Chungsu Hwang ^1,², So Jung Lee ³, Jung Hee Lee ^1,², Ki Hyung Kim ⁴, Dong Soo Suh ⁴, Byung-Su Kwon ⁴, Kyung Un Choi ^3,^✉

PMCID: PMC6444488 PMID: 30944645

Abstract

Studies on tumor-infiltrating lymphocytes (TILs) in epithelial ovarian cancer (EOC) have focused on the clinical significance of inflammatory cells of specific subtypes that are identifiable using immunohistochemistry. However, the subtypes of inflammatory cells that reportedly affect patient survival and prognosis have differed from study to study, and few studies have examined TILs using hematoxylin and eosin (H&E) staining. Therefore, the present study aimed to identify the clinical importance of general stromal TILs in EOC by using H&E staining to apply breast cancer recommendations from the International TILs Working Group 2014 on breast cancer using H&E staining.

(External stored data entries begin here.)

lemma square_card_le: "card {(u, c) \<in> {a1, a2, b1, b2} \<times> {c1, c2, c3}. adj u c} \<le> 8"
proof -
  have "int (card {(u, c) \<in> {a1, a2, b1, b2} \<times> {c1, c2, c3}. adj u c})
      = of_bool (adj a1 c1) + of_bool (adj a1 c2) + of_bool (adj a1 c3)
      + (of_bool (adj a2 c1) + of_bool (adj a2 c2) + of_bool (adj a2 c3)
      + (of_bool (adj b1 c1) + of_bool (adj b1 c2) + of_bool (adj b1 c3)
      + (of_bool (adj b2 c1) + of_bool (adj b2 c2) + of_bool (adj b2 c3))))"
    by (subst card_adj_eq_sum) simp_all
  also have "\<dots> \<le> 8"
    using adj_blocks vertices_neq
      col_neq_same_first[of a1 b1 c1] col_neq_same_first[of a1 b1 c2] col_neq_same_first[of a1 b1 c3]
      col_neq_chain[of a1 b1 c1] col_neq_chain[of a1 b1 c2] col_neq_chain[of a1 b1 c3]
      col_neq_same_first[of a1 b2 b3] col_neq_same_second[of a1 b2 a2] col_neq_same_first[of a1 b2 c1]
      col_neq_same_first[of a1 b2 c2] col_neq_same_first[of a1 b2 c3] col_neq_chain[of a1 b2 c1]
      col_neq_chain[of a1 b2 c2] col_neq_chain[of a1 b2 c3] col_neq_same_second[of a1 b3 a2]
      col_neq_same_first[of a1 b3 c1] col_neq_same_first[of a1 b3 c2] col_neq_same_first[of a1 b3 c3]
      col_neq_same_first[of a2 b1 b2] col_neq_same_first[of a2 b1 b3] col_neq_same_second[of a2 b1 a3]
      col_neq_same_first[of a2 b1 c1] col_neq_same_first[of a2 b1 c2] col_neq_same_first[of a2 b1 c3]
      col_neq_chain[of a2 b1 c1] col_neq_chain[of a2 b1 c2] col_neq_chain[of a2 b1 c3]
      col_neq_same_first[of a2 b2 b3] col_neq_same_second[of a2 b2 a3] col_neq_same_first[of a2 b2 c1]
      col_neq_same_first[of a2 b2 c2] col_neq_same_first[of a2 b2 c3] col_neq_chain[of a2 b2 c1]
      col_neq_chain[of a2 b2 c2] col_neq_chain[of a2 b2 c3] col_neq_same_first[of a2 b3 c1]
      col_neq_same_first[of a2 b3 c2] col_neq_same_first[of a2 b3 c3] col_neq_same_first[of a3 b1 b2]
      col_neq_chain[of a3 b1 c1] col_neq_chain[of a3 b1 c2] col_neq_chain[of a3 b1 c3]
      col_neq_chain[of a3 b2 c1] col_neq_chain[of a3 b2 c2] col_neq_chain[of a3 b2 c3]
      col_neq_same_first[of a1 c1 c2] col_neq_same_first[of a1 c1 c3] col_neq_same_second[of a1 c1 a2]
      col_neq_same_first[of a1 c2 c3] col_neq_same_second[of a1 c2 a2] col_neq_same_second[of a1 c3 a2]
      col_neq_same_first[of a2 c1 c2] col_neq_same_first[of a2 c1 c3] col_neq_same_first[of a2 c2 c3]
      col_neq_same_first[of b1 c1 c2] col_neq_same_first[of b1 c1 c3] col_neq_same_second[of b1 c1 b2]
      col_neq_same_first[of b1 c2 c3] col_neq_same_second[of b1 c2 b2] col_neq_same_second[of b1 c3 b2]
      col_neq_same_first[of b2 c1 c2] col_neq_same_first[of b2 c1 c3] col_neq_same_first[of b2 c2 c3]
      no_rainbow_3[of a1 b1 a2 b3 a3 b2, simplified] no_rainbow_3[of a1 b2 a2 b3 a3 b1, simplified]
      no_rainbow_3[of a1 b3 a2 b1 a3 b2, simplified] no_rainbow_3[of a1 b3 a2 b2 a3 b1, simplified]
      no_rainbow_4[of a1 b3 a3 b1 a2 c1 b2 c2, simplified] no_rainbow_4[of a1 b3 a3 b1 a2 c1 b2 c3, simplified]
      no_rainbow_4[of a1 b3 a3 b1 a2 c2 b2 c1, simplified] no_rainbow_4[of a1 b3 a3 b1 a2 c2 b2 c3, simplified]
      no_rainbow_4[of a1 b3 a3 b1 a2 c3 b2 c1, simplified] no_rainbow_4[of a1 b3 a3 b1 a2 c3 b2 c2, simplified]
      no_rainbow_4[of a1 b3 a3 b2 a2 c1 b1 c2, simplified] no_rainbow_4[of a1 b3 a3 b2 a2 c1 b1 c3, simplified]
      no_rainbow_4[of a1 b3 a3 b2 a2 c2 b1 c1, simplified] no_rainbow_4[of a1 b3 a3 b2 a2 c2 b1 c3, simplified]
      no_rainbow_4[of a1 b3 a3 b2 a2 c3 b1 c1, simplified] no_rainbow_4[of a1 b3 a3 b2 a2 c3 b1 c2, simplified]
      no_rainbow_4[of a2 b3 a3 b1 a1 c1 b2 c2, simplified] no_rainbow_4[of a2 b3 a3 b1 a1 c1 b2 c3, simplified]
      no_rainbow_4[of a2 b3 a3 b1 a1 c2 b2 c1, simplified] no_rainbow_4[of a2 b3 a3 b1 a1 c2 b2 c3, simplified]
      no_rainbow_4[of a2 b3 a3 b1 a1 c3 b2 c1, simplified] no_rainbow_4[of a2 b3 a3 b1 a1 c3 b2 c2, simplified]
      no_rainbow_4[of a2 b3 a3 b2 a1 c1 b1 c2, simplified] no_rainbow_4[of a2 b3 a3 b2 a1 c1 b1 c3, simplified]
      no_rainbow_4[of a2 b3 a3 b2 a1 c2 b1 c1, simplified] no_rainbow_4[of a2 b3 a3 b2 a1 c2 b1 c3, simplified]
      no_rainbow_4[of a2 b3 a3 b2 a1 c3 b1 c1, simplified] no_rainbow_4[of a2 b3 a3 b2 a1 c3 b1 c2, simplified]
    unfolding of_bool_def by (smt (z3))
  finally show ?thesis
    by simp
qed

end

locale max_matching_family =
  fixes F M :: "'a set set"
  assumes finite_F: "finite F" and uniform: "uniform3 F" and linear: "linear_family F"
    and maximum: "maximum_matching F M"
begin

abbreviation X where "X \<equiv> X_M M"

definition linked :: "'a \<Rightarrow> 'a \<Rightarrow> bool" where
  "linked u v \<longleftrightarrow> u \<in> X \<and> v \<in> X \<and> (\<exists>x. x \<notin> X \<and> {u, v, x} \<in> F)"

definition outer :: "'a \<Rightarrow> 'a \<Rightarrow> 'a" where
  "outer u v = (SOME x. x \<notin> X \<and> {u, v, x} \<in> F)"

lemma M_subset_F: "M \<subseteq> F"
  using maximum by (simp add: maximum_matching_def matching_of_def)

lemma M_disjoint: "A \<in> M \<Longrightarrow> B \<in> M \<Longrightarrow> A \<noteq> B \<Longrightarrow> A \<inter> B = {}"
  using maximum by (simp add: maximum_matching_def matching_of_def)

lemma card_edge: "E \<in> F \<Longrightarrow> card E = 3"
  using uniform by (simp add: uniform3_def)

lemma finite_M: "finite M"
  using M_subset_F finite_F finite_subset by blast

lemma member_subset_X: "A \<in> M \<Longrightarrow> A \<subseteq> X"
  by (auto simp: X_M_def)

lemma edge_eqI:
  assumes "E \<in> F" "E' \<in> F" "p \<in> E \<inter> E'" "q \<in> E \<inter> E'" "p \<noteq> q"
  shows "E = E'"
proof (rule ccontr)
  assume "E \<noteq> E'"
  then have "card (E \<inter> E') \<le> 1"
    using linear assms(1,2) by (simp add: linear_family_def)
  moreover have "card {p, q} \<le> card (E \<inter> E')"
    using assms by (intro card_mono) (auto simp: card_eq_3_imp_finite card_edge)
  ultimately show False
    using assms(5) by simp
qed

lemma linked_outer:
  assumes "linked u v"
  shows "{u, v, outer u v} \<in> F" "outer u v \<notin> X" "u \<in> X" "v \<in> X"
proof -
  have "\<exists>x. x \<notin> X \<and> {u, v, x} \<in> F"
    using assms by (simp add: linked_def)
  then have "outer u v \<notin> X \<and> {u, v, outer u v} \<in> F"
    unfolding outer_def by (rule someI_ex)
  then show "{u, v, outer u v} \<in> F" "outer u v \<notin> X"
    by simp_all
  show "u \<in> X" "v \<in> X"
    using assms by (simp_all add: linked_def)
qed

lemma linked_neq:
  assumes "linked u v"
  shows "u \<noteq> v"
proof
  assume "u = v"
  then show False
    using card_edge[OF linked_outer(1)[OF assms]] by (simp add: card_insert_if split: if_splits)
qed

lemma edge_Int_X:
  "linked u v \<Longrightarrow> {u, v, outer u v} \<inter> X = {u, v}"
  using linked_outer by auto

lemma outer_neq:
  assumes "linked u v" "linked u' v'" "{u, v} \<noteq> {u', v'}" "{u, v} \<inter> {u', v'} \<noteq> {}"
  shows "outer u v \<noteq> outer u' v'"
proof
  assume same: "outer u v = outer u' v'"
  have "{u, v, outer u v} \<noteq> {u', v', outer u' v'}"
    using assms(3) edge_Int_X[OF assms(1)] edge_Int_X[OF assms(2)] by metis
  moreover obtain w where w: "w \<in> {u, v} \<inter> {u', v'}"
    using assms(4) by blast
  moreover have "w \<noteq> outer u v"
    using w linked_outer[OF assms(1)] by auto
  ultimately show False
    using edge_eqI[OF linked_outer(1)[OF assms(1)] linked_outer(1)[OF assms(2)], of w "outer u v"]
      same by auto
qed

lemma matching_exchange_card_le:
  assumes R: "R \<subseteq> M" and S: "S \<subseteq> F" "pairwise disjnt S"
    and S_X: "\<forall>E\<in>S. E \<inter> X \<subseteq> \<Union>R"
  shows "card S \<le> card R"
proof -
  have finite_S: "finite S"
    using S finite_F finite_subset by blast
  have finite_R: "finite R"
    using R finite_M finite_subset by blast
  have off_R: "D \<inter> \<Union>R = {}" if "D \<in> M - R" for D
    using that R M_disjoint by blast
  have disjoint_S: "D \<inter> E = {}" if "D \<in> M - R" "E \<in> S" for D E
    using that off_R[OF that(1)] S_X member_subset_X[of D] by blast
  have "(M - R) \<inter> S = {}"
    using disjoint_S M_subset_F card_edge by fastforce
  moreover have "matching_of F ((M - R) \<union> S)"
    unfolding matching_of_def
  proof (intro conjI ballI impI)
    show "M - R \<union> S \<subseteq> F"
      using M_subset_F S by blast
    fix D E assume "D \<in> M - R \<union> S" "E \<in> M - R \<union> S" "D \<noteq> E"
    then show "D \<inter> E = {}"
      using M_disjoint[of D E] disjoint_S[of D E] disjoint_S[of E D] S(2)
      unfolding pairwise_def disjnt_def by blast
  qed
  then have "card ((M - R) \<union> S) \<le> card M"
    using maximum by (simp add: maximum_matching_def)
  ultimately show ?thesis
    using R finite_R finite_M finite_S card_mono[OF finite_M R]
    by (simp add: card_Un_disjoint card_Diff_subset)
qed

lemma rainbow_matching_card_le:
  assumes "R \<subseteq> M"
    and linked: "\<forall>(u, v)\<in>P. linked u v \<and> u \<in> \<Union>R \<and> v \<in> \<Union>R"
    and disjoint: "pairwise (\<lambda>(u, v) (u', v'). {u, v} \<inter> {u', v'} = {}) P"
    and rainbow: "inj_on (\<lambda>(u, v). outer u v) P"
  shows "card P \<le> card R"
proof -
  define edge where "edge = (\<lambda>(u, v). {u, v, outer u v})"
  have edge_disjoint: "edge p \<inter> edge q = {}" if "p \<in> P" "q \<in> P" "p \<noteq> q" for p q
  proof -
    obtain u v u' v' where pq: "p = (u, v)" "q = (u', v')"
      by fastforce
    have "{u, v} \<inter> {u', v'} = {}"
      using disjoint that pq by (auto simp: pairwise_def)
    moreover have "outer u v \<noteq> outer u' v'"
      using rainbow that pq by (auto simp: inj_on_def)
    moreover have "linked u v" "linked u' v'"
      using linked that pq by auto
    ultimately show ?thesis
      using linked_outer[of u v] linked_outer[of u' v'] pq by (auto simp: edge_def)
  qed
  have "inj_on edge P"
  proof (rule inj_onI)
    fix p q assume "p \<in> P" "q \<in> P" "edge p = edge q"
    moreover have "edge p \<noteq> {}"
      by (simp add: edge_def split: prod.splits)
    ultimately show "p = q"
      using edge_disjoint by blast
  qed
  then have "card P = card (edge ` P)"
    by (simp add: card_image)
  also have "\<dots> \<le> card R"
  proof (rule matching_exchange_card_le[OF assms(1)])
    show "edge ` P \<subseteq> F"
      using linked linked_outer by (auto simp: edge_def)
    show "pairwise disjnt (edge ` P)"
      using edge_disjoint by (intro pairwise_imageI) (simp add: disjnt_def)
    show "\<forall>E\<in>edge ` P. E \<inter> X \<subseteq> \<Union>R"
      using linked linked_outer(2) by (fastforce simp: edge_def)
  qed
  finally show ?thesis .
qed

Stromal TILs in 256 EOC cases from Pusan National University Hospital and 475 cases of high-grade serous carcinoma from The Cancer Genome Atlas dataset were assessed. Stromal TILs were evaluated using H&E-stained slides according to the breast cancer recommendations of the International Working Group 2014, and patients were classified into low and high stromal TIL groups according to their stromal TIL values. The associations of these groups with clinicopathologic factors were assessed, and it was confirmed that group membership correlated with survival and prognosis. According to the χ² assessment, the stromal TIL group was associated with tumor grade. Furthermore, the stromal TIL group was associated with overall survival according to Kaplan-Meier analysis with the log-rank test. Finally, the stromal TIL group was an independent prognostic factor according to univariate and multivariate Cox regression analyses. In cases of EOC, the evaluation of general stromal TILs on H&E-stained slides could be used to predict prognosis.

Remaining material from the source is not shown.